Start of Block

lemma wconn_one_all_generators:
  assumes "L \<noteq> {}" "R \<noteq> {}" and x: "x \<in> sym_set G L \<union> sym_set G R" "wconn x \<one>"
    and s: "s \<in> sym_set G L \<union> sym_set G R"
  shows "wconn s \<one>"
proof -
  have "wconn l r" "wconn (inv l) (inv r)" if "l \<in> L" "r \<in> R" for l r
  proof -
    have "l \<in> carrier G" "r \<in> carrier G" using that L_subset R_subset by auto
    then show "wconn l r" "wconn (inv l) (inv r)"
      using wconn_shift[OF that one_closed] wconn_shift_inv[OF that one_closed]
      by (simp_all add: wconn_sym)
  qed
  then have gens: "wconn y y'" and inv_gens: "wconn (inv y) (inv y')"
    if "y \<in> L \<union> R" "y' \<in> L \<union> R" for y y'
    using wconn_on_generators[where f = "\<lambda>y. y", OF assms(1,2) _ that]
      wconn_on_generators[where f = "\<lambda>y. inv y", OF assms(1,2) _ that] by blast+
  from x(1) consider (gen) "x \<in> L \<union> R" | (inv) y where "y \<in> L \<union> R" "x = inv y"
    unfolding sym_set_def by auto
  then have "wconn y \<one> \<and> wconn (inv y) \<one>" if "y \<in> L \<union> R" for y
  proof cases
    case gen
    then show ?thesis using that gens x(2) wconn_trans wconn_one_inv_iff by blast
  next
    case (inv y')
    then show ?thesis using that inv_gens x(2) wconn_trans wconn_one_inv_iff by blast
  qed
  with s show ?thesis unfolding sym_set_def by blast
qed

lemma weakly_connected_if_products_cover:
  assumes cover: "carrier G = words_set G (sym_set G L) <#> words_set G (sym_set G R)"
    and gens: "\<And>s. s \<in> sym_set G L \<union> sym_set G R \<Longrightarrow> wconn s \<one>"
  shows "tsg_weakly_connected G L R"
proof -
  have WL_carrier: "words_set G (sym_set G L) \<subseteq> carrier G"
    and WR_carrier: "words_set G (sym_set G R) \<subseteq> carrier G"
    using words_set_subset[OF sym_set_subset[OF L_subset]]
      words_set_subset[OF sym_set_subset[OF R_subset]] .
  have WL: "wconn u \<one>" if "u \<in> words_set G (sym_set G L)" for u
    using that
  proof induction
    case (single s)
    then show ?case by (rule gens[OF UnI1])
  next
    case (snoc u s)
    have u: "u \<in> carrier G" using snoc.hyps(1) WL_carrier by blast
    have s: "s \<in> carrier G" using snoc.hyps(2) sym_set_subset[OF L_subset] by blast
    have "wconn (u \<otimes> s) (u \<otimes> \<one>)"
      by (rule wconn_mult_left_words[OF snoc.hyps(1) s one_closed gens[OF UnI1[OF snoc.hyps(2)]]])
    with u have "wconn (u \<otimes> s) u" by simp
    then show ?case using snoc.IH by (rule wconn_trans)
  qed
  have WR: "wconn v \<one>" if "v \<in> words_set G (sym_set G R)" for v
    using that
  proof induction
    case (single t)
    then show ?case by (rule gens[OF UnI2])
  next
    case (snoc v t)
    have t: "t \<in> carrier G" using snoc.hyps(2) sym_set_subset[OF R_subset] by blast
    have "wconn (v \<otimes> t) (\<one> \<otimes> t)" by (rule wconn_mult_right[OF snoc.hyps(2) snoc.IH])
    with t have "wconn (v \<otimes> t) t" by simp
    then show ?case using gens[OF UnI2[OF snoc.hyps(2)]] by (rule wconn_trans)
  qed
  have "wconn g \<one>" if "g \<in> carrier G" for g
  proof -
    have "g \<in> words_set G (sym_set G L) <#> words_set G (sym_set G R)" using that cover by simp
    then obtain a b where a: "a \<in> words_set G (sym_set G L)"
      and b: "b \<in> words_set G (sym_set G R)" and g: "g = a \<otimes> b"
      unfolding set_mult_def by blast
    have "a \<in> carrier G" "b \<in> carrier G" using a b WL_carrier WR_carrier by blast+
    then have "wconn (a \<otimes> b) a" using wconn_mult_left_words[OF a _ one_closed WR[OF b]] by simp
    then show ?thesis using g WL[OF a] by (blast intro: wconn_trans)
  qed
  then show ?thesis unfolding tsg_weakly_connected_def using wconn_sym wconn_trans by blast
qed

end

theorem mainTheorem10:
  fixes G :: "('a, 'b) monoid_scheme" and L R :: "'a set"
  assumes "group G"
    and "L \<subseteq> carrier G" and "L \<noteq> {}"
    and "R \<subseteq> carrier G" and "R \<noteq> {}"
  shows "tsg_weakly_connected G L R \<longleftrightarrow>
           (carrier G = words_set G (sym_set G L) <#>\<^bsub>G\<^esub> words_set G (sym_set G R) \<and>
            (\<exists>x \<in> sym_set G L \<union> sym_set G R. tsg_weakly_conn G L R x \<one>\<^bsub>G\<^esub>))"
proof -
  interpret two_sided_group_digraph G L R
    using assms by (simp add: two_sided_group_digraph_def two_sided_group_digraph_axioms_def)
  have products_subset: "words_set G (sym_set G L) <#>\<^bsub>G\<^esub> words_set G (sym_set G R) \<subseteq> carrier G"
    using words_set_subset[OF sym_set_subset] L_subset R_subset unfolding set_mult_def by blast
  obtain l where "l \<in> L" using assms by auto
  then have "l \<in> sym_set G L" "l \<in> carrier G" using L_subset by (auto simp: sym_set_def)
  show ?thesis
  proof
    assume "tsg_weakly_connected G L R"
    then show "carrier G = words_set G (sym_set G L) <#>\<^bsub>G\<^esub> words_set G (sym_set G R) \<and>
        (\<exists>x \<in> sym_set G L \<union> sym_set G R. wconn x \<one>\<^bsub>G\<^esub>)"
      using products_subset wconn_one_mem_products[OF assms(3,5)] \<open>l \<in> sym_set G L\<close> \<open>l \<in> carrier G\<close>
      unfolding tsg_weakly_connected_def by blast
  qed (use weakly_connected_if_products_cover wconn_one_all_generators[OF assms(3,5)] in blast)
qed

end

End of Block

Using the material above, report each line where "exists" occurs.

* RESULT BELOW *
            (\<exists>x \<in> sym_set G L \<union> sym_set G R. tsg_weakly_conn G L R x \<one>\<^bsub>G\<^esub>))"
        (\<exists>x \<in> sym_set G L \<union> sym_set G R. wconn x \<one>\<^bsub>G\<^esub>)"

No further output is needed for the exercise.